Pocock made the counter-argument in the same week. After eighteen months of teaching developers to ship with AI agents, his observation was sharp: AI coding tools are extraordinary when used well and burying when used badly, and the difference is the process, not the tool. The fundamentals (TDD, clean boundaries, friction as a feature) are the only thing standing between a productive AI workflow and a codebase nobody can reason about in six months. Code isn't cheap when you measure it in the comprehension you have to maintain and the cognitive debt you have to pay back later.

Both claims are true at once, which is why this is the harder conversation to have right now. The cost of generating code went to zero. The cost of owning code did not.

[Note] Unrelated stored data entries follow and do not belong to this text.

locale double_subdivision_at_degree_two = double_subdivision +
  fixes x :: 'a
  assumes x_neq_y: "x \<noteq> y"
    and edges_at_y: "\<forall>e\<in>E. y \<in> e \<longrightarrow> e = {y, z} \<or> e = {y, x}"
begin

abbreviation "inner_vertices \<equiv> {y, a, b}"

lemma subdivided_edges_at_y: "e \<in> E' \<Longrightarrow> y \<in> e \<Longrightarrow> e = {y, x} \<or> e = {y, a}"
  using edges_at_y a_neq_b new_vertices_distinct y_neq_z by blast

lemma inner_vertices_subset: "inner_vertices \<subseteq> V'"
  using edge_subset_V[OF edge_yz] by auto

lemma inner_vertices_proper_parts:
  "{y, a} \<subset> inner_vertices" "{y, b} \<subset> inner_vertices" "{a, b} \<subset> inner_vertices"
  using a_neq_b new_vertices_distinct by auto

lemma induces_bipartite_add_inner_vertices:
  assumes W: "induces_bipartite E' W" "W \<inter> inner_vertices = {}"
    and Q: "Q \<subset> inner_vertices"
  shows "induces_bipartite E' (W \<union> Q)"
proof -
  have W_y: "induces_bipartite E' (insert y W)"
    by (rule induces_bipartite_insert_two_neighbours[of _ _ y x a])
      (use W x_neq_y new_vertices_distinct subdivided_edges_at_y in auto)
  have W_b: "induces_bipartite E' (insert b W)"
    by (rule induces_bipartite_insert_two_neighbours[of _ _ b z a])
      (use W a_neq_b new_vertices_distinct subdivided_edges_at_b in auto)
  have "induces_bipartite E' (insert a (insert b W))"
    by (rule induces_bipartite_insert_two_neighbours[of _ _ a b y])
      (use W W_b a_neq_b new_vertices_distinct subdivided_edges_at_a in auto)
  moreover have "induces_bipartite E' (insert a (insert y W))"
    by (rule induces_bipartite_insert_two_neighbours[of _ _ a y b])
      (use W W_y a_neq_b new_vertices_distinct subdivided_edges_at_a in auto)
  moreover have "induces_bipartite E' (insert b (insert y W))"
    by (rule induces_bipartite_insert_two_neighbours[of _ _ b z a])
      (use W W_y a_neq_b new_vertices_distinct subdivided_edges_at_b in auto)
  moreover have "Q \<subseteq> {a, b} \<or> Q \<subseteq> {y, a} \<or> Q \<subseteq> {y, b}" using Q by blast
  ultimately show ?thesis
    using induces_bipartite_subset[of E' _ "W \<union> Q"] by blast
qed
definition doctrine :: "('o,'m) cat \<Rightarrow> ('o \<Rightarrow> 'p set) \<Rightarrow> ('o \<Rightarrow> 'p \<Rightarrow> 'p \<Rightarrow> bool)
    \<Rightarrow> ('m \<Rightarrow> 'p \<Rightarrow> 'p) \<Rightarrow> bool" where
  "doctrine C PC le rx \<longleftrightarrow>
     (\<forall>X\<in>Ob C. (\<forall>a\<in>PC X. le X a a) \<and>
                (\<forall>a\<in>PC X. \<forall>b\<in>PC X. le X a b \<longrightarrow> le X b a \<longrightarrow> a = b) \<and>
                (\<forall>a\<in>PC X. \<forall>b\<in>PC X. \<forall>c\<in>PC X. le X a b \<longrightarrow> le X b c \<longrightarrow> le X a c)) \<and>
     (\<forall>t\<in>Ar C. (\<forall>a\<in>PC (Cod C t). rx t a \<in> PC (Dom C t)) \<and>
                (\<forall>a\<in>PC (Cod C t). \<forall>b\<in>PC (Cod C t). le (Cod C t) a b \<longrightarrow> le (Dom C t) (rx t a) (rx t b))) \<and>
     (\<forall>X\<in>Ob C. \<forall>a\<in>PC X. rx (Idm C X) a = a) \<and>
     (\<forall>f\<in>Ar C. \<forall>g\<in>Ar C. Cod C f = Dom C g \<longrightarrow>
        (\<forall>a\<in>PC (Cod C g). rx (Cmp C g f) a = rx f (rx g a)))"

A free extract from Alistair Cockburn's upcoming book Slice the Problem Grow the Solution lands the same week with a frame that sharpens the point: unvalidated decisions are toxic inventory, and the fix is moving decisions through the system in very small, validated increments. Walking skeletons, nano-increments, Learning-Value-Trim loops. His AI chapter says it plainly: treat AI as an unreliable partner, use tests, boundaries, and tiny increments for control. The teams that thrive in the next two years will be the ones who internalise both halves of the paradox: ambitious enough to use the cheap-code superpower, disciplined enough to refuse the expensive-code trap. The fundamentals we have known about for 50 years just became your competitive advantage again.

Worth reading:


Tokenmaxxing: gaming AI metrics on both sides of the API

The Pragmatic Engineer named a strange new behaviour at Meta, Microsoft, and Salesforce: developers are deliberately burning tokens (and money) to inflate their AI-usage metrics, because their employers are treating tokens-consumed as a proxy for AI adoption. Goodhart's law just landed in the AI talent market. The moment you incentivise a metric, people optimise for the metric, even when the metric is decoupled from the outcome. Engineering managers reading this should check what dashboards their leadership is looking at, and what story those numbers are telling them about the team they think they have.

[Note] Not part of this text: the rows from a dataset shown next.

lemma Star_assoc_if_tridendriform:
  fixes x y z :: "'k::comm_semiring_1 span"
  assumes "supported_on_nodes x" "supported_on_nodes y" "supported_on_nodes z"
    and "supported_on_nodes (Star x y)" "supported_on_nodes (Star y z)"
    and "Prec (Prec x y) z = Prec x (Star y z)"
    and "Prec (Succ x y) z = Succ x (Prec y z)"
    and "Succ (Star x y) z = Succ x (Succ y z)"
    and "Dot (Succ x y) z = Succ x (Dot y z)"
    and "Dot (Prec x y) z = Dot x (Succ y z)"
    and "Prec (Dot x y) z = Dot x (Prec y z)"
    and "Dot (Dot x y) z = Dot x (Dot y z)"
  shows "Star (Star x y) z = Star x (Star y z)"
proof -
  note split = Star_split[OF assms(1,2)] Star_split[OF assms(2,3)]
    Star_split[OF assms(4,3)] Star_split[OF assms(1,5)]
  have "Star (Star x y) z = Prec (Star x y) z + Dot (Star x y) z + Succ (Star x y) z"
    by (fact split(3))
  also have "\<dots> = Prec (Prec x y) z + Prec (Dot x y) z + Prec (Succ x y) z
      + (Dot (Prec x y) z + Dot (Dot x y) z + Dot (Succ x y) z) + Succ (Star x y) z"
    by (simp only: split(1) tridend_add_left)
  also have "\<dots> = Prec x (Star y z) + Dot x (Prec y z) + Succ x (Prec y z)
      + (Dot x (Succ y z) + Dot x (Dot y z) + Succ x (Dot y z)) + Succ x (Succ y z)"
    by (simp only: assms(6-))
  also have "\<dots> = Prec x (Star y z) + Dot x (Star y z) + Succ x (Star y z)"
    by (simp only: split(2) tridend_add_right ac_simps)
  also have "\<dots> = Star x (Star y z)"
    by (fact split(4)[symmetric])
  finally show ?thesis .
qed

lemmas tridend_defs = Star_def Prec_def Dot_def Succ_def

lemmas lin_graftmid_simps =
  lin_graftmid graftmid_lin lin_graftmid_swap lin_graftmid_swap[of "[]", simplified] butlast_append

lemma prec_t_Node_snoc: "prec_t (Node (X @ [xk])) = (\<lambda>v. graftmid X (star_t xk v) [])"
  by (rule ext) simp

The vendor side of the API is doing the inverse. Anthropic briefly removed Claude Code from the $20 Pro plan with no announcement, then partially walked it back when Simon Willison and others noticed. Microsoft's leaked internal docs show the weekly cost of running GitHub Copilot has doubled since January, prompting a shift from request-based to token-based billing, suspended individual signups, and tightening rate limits. The Verge calls it the AI monetization cliff. The economics that funded the last eighteen months of cheap inference are tightening simultaneously across providers, and the practitioner trust that the cheap-inference era was building on is the first casualty. Opus 4.7 and GPT-5.5 cost twice as much as their predecessors. There is some light at the end of the tunnel, open-weight models are catching up for agentic engineering workloads.

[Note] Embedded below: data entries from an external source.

(* In the stalactic monoid ${\mathsf{stal}}$, the relation $\sim_o$ coincides with $\equiv_{\mathrm{ev}}$: for $s,t\in{\mathsf{stal}}$, there exist $g,h\in{\mathsf{stal}}$ with $sg=gt$ and $hs=th$ if and only if $s$ and $t$ have the same evaluation.
   Context: Let $\mathcal{A}=\{1<2<3<\cdots\}$ be the ordered alphabet of positive integers. For a monoid $M$ and $x,y\in M$, write $x\sim_o y$ iff there exist $g,h\in M$ with $xg=gy$ and $hx=yh$. The evaluation of a word $w$ is the tuple $(|w|_a)_{a}$ giving the number of occurrences of each letter $a$; the monoid below is defined by evaluation-preserving relations, so the evaluation of an element is well defined, and $s\equiv_{\mathrm{ev}} t$ means $s$ and $t$ have the same evaluation. The stalactic monoid ${\mathsf{stal}}$ is $\mathcal{A}^*$ modulo the congruence generated by the relations $bavb=abvb$ for all letters $a,b$ and words $v\in\mathcal{A}^*$. Equivalently, two words are equal in ${\mathsf{stal}}$ iff they have the same evaluation and the same order of rightmost occurrences of their letters. *)

theory Defs
  imports Main "HOL-Library.Multiset"
begin

definition is_word :: "nat list \<Rightarrow> bool" where
  "is_word w \<longleftrightarrow> (\<forall>a \<in> set w. 0 < a)"

inductive stal_cong :: "nat list \<Rightarrow> nat list \<Rightarrow> bool" where
  stal_rel: "stal_cong ([b, a] @ v @ [b]) ([a, b] @ v @ [b])"
| stal_refl: "stal_cong u u"
| stal_sym: "stal_cong u w \<Longrightarrow> stal_cong w u"
| stal_trans: "stal_cong u w \<Longrightarrow> stal_cong w z \<Longrightarrow> stal_cong u z"
| stal_ctx: "stal_cong u w \<Longrightarrow> stal_cong (x @ u @ y) (x @ w @ y)"

text \<open>Evaluation of a word: the multiset of its letters (equivalently the tuple of
  letter counts).\<close>

definition ev :: "nat list \<Rightarrow> nat multiset" where
  "ev w = mset w"

end

theory Submission
  imports Defs
begin

text \<open>The defining relations preserve evaluation, which gives one direction. Conversely, a
  letter b that occurs again further to the right commutes with its right neighbour, so
  a prefix whose letters all reappear in the suffix may be permuted freely. If s and
  t have the same evaluation they have the same letters, hence s t = t t and
  s s = t s in the stalactic monoid: take g = t and h = s.\<close>

lemma stal_cong_mset_eq: "stal_cong u w \<Longrightarrow> mset u = mset w"
  by (induction rule: stal_cong.induct) auto

lemma stal_cong_append_left: "stal_cong u w \<Longrightarrow> stal_cong (x @ u) (x @ w)"
  using stal_ctx[of u w x "[]"] by simp

lemma stal_cong_swap_if_reoccurs:
  assumes "b \<in> set w"
  shows "stal_cong (b # a # u @ w) (a # b # u @ w)"
proof -
  from assms obtain w1 w2 where w: "w = w1 @ b # w2"
    by (meson split_list)
  have "stal_cong ([] @ ([b, a] @ (u @ w1) @ [b]) @ w2) ([] @ ([a, b] @ (u @ w1) @ [b]) @ w2)"
    by (rule stal_ctx[OF stal_rel])
  then show ?thesis
    using w by simp
qed

lemma stal_cong_move_to_front:
  "set x \<subseteq> set w \<Longrightarrow> stal_cong (x @ a # u @ w) (a # x @ u @ w)"
proof (induction x)
  case Nil
  then show ?case by (simp add: stal_refl)
next
  case (Cons b x)
  have "stal_cong (b # x @ a # u @ w) (b # a # x @ u @ w)"
    using stal_cong_append_left[OF Cons.IH, of "[b]"] Cons.prems by simp
  moreover have "stal_cong (b # a # x @ u @ w) (a # b # x @ u @ w)"
    using stal_cong_swap_if_reoccurs[of b w a "x @ u"] Cons.prems by simp
  ultimately show ?case
    by (auto intro: stal_trans)
qed

lemma stal_cong_permute_prefix:
  "mset u = mset u' \<Longrightarrow> set u \<subseteq> set w \<Longrightarrow> stal_cong (u @ w) (u' @ w)"
proof (induction u' arbitrary: u)
  case Nil
  then show ?case by (simp add: stal_refl)
next
  case (Cons a u')
  have "a \<in> set u"
    using Cons.prems(1) by (metis list.set_intros(1) set_mset_mset)
  then obtain x r where u: "u = x @ a # r"
    by (meson split_list)
  have "mset (x @ r) = mset u'" and "set (x @ r) \<subseteq> set w"
    using Cons.prems u by auto
  then have "stal_cong (a # (x @ r) @ w) (a # u' @ w)"
    using stal_cong_append_left[OF Cons.IH, of "x @ r" "[a]"] by simp
  moreover have "stal_cong (u @ w) (a # x @ r @ w)"
    using stal_cong_move_to_front[of x w a r] \<open>set (x @ r) \<subseteq> set w\<close> u by simp
  ultimately show ?case
    by (auto intro: stal_trans)
qed

theorem mainTheorem9:
  assumes "is_word s" and "is_word t"
  shows "(\<exists>g h. is_word g \<and> is_word h \<and>
            stal_cong (s @ g) (g @ t) \<and> stal_cong (h @ s) (t @ h))
         \<longleftrightarrow> ev s = ev t"
proof
  assume "\<exists>g h. is_word g \<and> is_word h \<and>
            stal_cong (s @ g) (g @ t) \<and> stal_cong (h @ s) (t @ h)"
  then obtain g where "stal_cong (s @ g) (g @ t)"
    by blast
  then show "ev s = ev t"
    by (auto dest: stal_cong_mset_eq simp: ev_def add.commute)
next
  assume "ev s = ev t"
  then have mset_eq: "mset s = mset t"
    by (simp add: ev_def)
  then have "set s = set t"
    by (metis set_mset_mset)
  then have "stal_cong (s @ t) (t @ t)" and "stal_cong (s @ s) (t @ s)"
    using stal_cong_permute_prefix[OF mset_eq] by auto
  then show "\<exists>g h. is_word g \<and> is_word h \<and>
            stal_cong (s @ g) (g @ t) \<and> stal_cong (h @ s) (t @ h)"
    using assms by (intro exI[of _ t] exI[of _ s]) (auto intro: stal_sym)
qed

end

The two trends together describe a specific dysfunction. Companies are paying more for AI while measuring usage in ways that reward the worst kind of consumption. Token-hygiene practices that used to be optional optimisations are turning into essential engineering discipline. The harness that emits fewer tokens is now also the harness that survives the next price hike.

Worth reading:


Frontier models silently corrupt 25% of delegated documents

A new benchmark called DELEGATE-52 simulates long delegated workflows across fifty-two professional domains, from coding to crystallography to music notation. Across nineteen LLMs tested, even the frontier (Gemini 3.1 Pro, Claude 4.6 Opus, GPT 5.4) corrupted an average of 25% of document content by the end of long workflows. Errors are sparse but severe. They compound silently. Agentic tool use does not improve performance, and degradation gets worse with document size, interaction length, or the presence of distractor files. SlopCodeBench measures the same shape in coding agents.

This is the first hard number on a failure mode practitioners have been describing anecdotally for months. The Hak video on this week's list captures the lived version: two days debugging code with a subtle logic flaw buried deep within the AI-generated output, exactly the failure mode DELEGATE-52 measures. The MIT, Stanford and Upwork data on a 97% failure rate for AI coding tools on real freelance jobs lands in the same week. The benchmarks and the field reports finally agree, and the agreement is not flattering for AI shills. Humans are still essential custodians of your dark factory, guardrails remain an essential ingredient of your agentic harness.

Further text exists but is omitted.